-------- EXTRACTED RECORDS --------

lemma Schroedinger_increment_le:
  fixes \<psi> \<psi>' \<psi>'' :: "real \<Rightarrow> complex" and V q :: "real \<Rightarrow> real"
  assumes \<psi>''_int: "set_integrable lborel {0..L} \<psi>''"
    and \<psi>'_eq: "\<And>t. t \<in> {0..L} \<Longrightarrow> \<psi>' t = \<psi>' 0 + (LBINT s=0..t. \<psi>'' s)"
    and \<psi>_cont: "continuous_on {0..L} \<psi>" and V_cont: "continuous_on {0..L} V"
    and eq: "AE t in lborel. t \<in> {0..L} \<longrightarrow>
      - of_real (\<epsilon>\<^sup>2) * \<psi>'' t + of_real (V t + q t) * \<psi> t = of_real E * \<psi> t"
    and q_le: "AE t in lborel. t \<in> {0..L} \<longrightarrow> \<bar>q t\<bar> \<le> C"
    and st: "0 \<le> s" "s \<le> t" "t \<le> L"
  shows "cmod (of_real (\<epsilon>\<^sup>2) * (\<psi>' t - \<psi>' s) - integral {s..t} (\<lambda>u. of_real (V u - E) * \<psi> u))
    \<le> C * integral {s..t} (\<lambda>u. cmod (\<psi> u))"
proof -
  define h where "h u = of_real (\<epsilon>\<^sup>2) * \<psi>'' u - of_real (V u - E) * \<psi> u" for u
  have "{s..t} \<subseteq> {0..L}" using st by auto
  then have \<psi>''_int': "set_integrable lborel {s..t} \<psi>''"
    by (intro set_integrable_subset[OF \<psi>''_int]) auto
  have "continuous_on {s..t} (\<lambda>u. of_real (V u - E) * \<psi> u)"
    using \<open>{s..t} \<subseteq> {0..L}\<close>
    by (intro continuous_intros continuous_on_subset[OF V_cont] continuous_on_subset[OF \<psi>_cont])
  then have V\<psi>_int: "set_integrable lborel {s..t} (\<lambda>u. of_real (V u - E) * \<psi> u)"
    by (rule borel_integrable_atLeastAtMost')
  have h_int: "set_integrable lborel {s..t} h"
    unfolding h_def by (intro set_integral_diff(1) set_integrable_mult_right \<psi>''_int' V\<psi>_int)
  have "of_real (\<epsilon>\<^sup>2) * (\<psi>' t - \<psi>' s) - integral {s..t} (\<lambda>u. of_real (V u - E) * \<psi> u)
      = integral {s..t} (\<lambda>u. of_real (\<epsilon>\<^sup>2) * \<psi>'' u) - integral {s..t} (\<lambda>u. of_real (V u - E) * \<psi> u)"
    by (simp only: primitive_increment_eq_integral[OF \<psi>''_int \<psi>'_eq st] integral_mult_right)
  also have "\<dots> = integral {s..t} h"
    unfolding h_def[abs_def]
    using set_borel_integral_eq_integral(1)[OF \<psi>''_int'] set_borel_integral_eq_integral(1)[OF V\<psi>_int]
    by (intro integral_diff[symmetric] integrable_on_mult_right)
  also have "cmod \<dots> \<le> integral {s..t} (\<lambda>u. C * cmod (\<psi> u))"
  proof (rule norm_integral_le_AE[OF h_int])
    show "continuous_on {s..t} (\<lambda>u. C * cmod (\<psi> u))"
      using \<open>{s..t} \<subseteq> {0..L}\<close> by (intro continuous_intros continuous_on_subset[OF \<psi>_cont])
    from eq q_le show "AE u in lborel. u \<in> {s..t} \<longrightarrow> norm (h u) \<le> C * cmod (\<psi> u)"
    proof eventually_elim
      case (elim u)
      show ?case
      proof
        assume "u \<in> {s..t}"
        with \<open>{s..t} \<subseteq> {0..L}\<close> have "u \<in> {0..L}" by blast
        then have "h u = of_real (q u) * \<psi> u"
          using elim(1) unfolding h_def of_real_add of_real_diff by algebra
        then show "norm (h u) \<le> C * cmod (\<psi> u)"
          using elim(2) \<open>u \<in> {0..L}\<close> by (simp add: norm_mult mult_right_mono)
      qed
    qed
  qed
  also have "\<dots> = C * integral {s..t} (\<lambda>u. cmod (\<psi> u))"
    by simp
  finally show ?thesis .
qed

--------

▶ **GOAL OF THE EXERCISE**:
With "auto" as the string to look for, count the matching lines above and give the number by itself.

▶ **RESULT OF THE TASK**:
2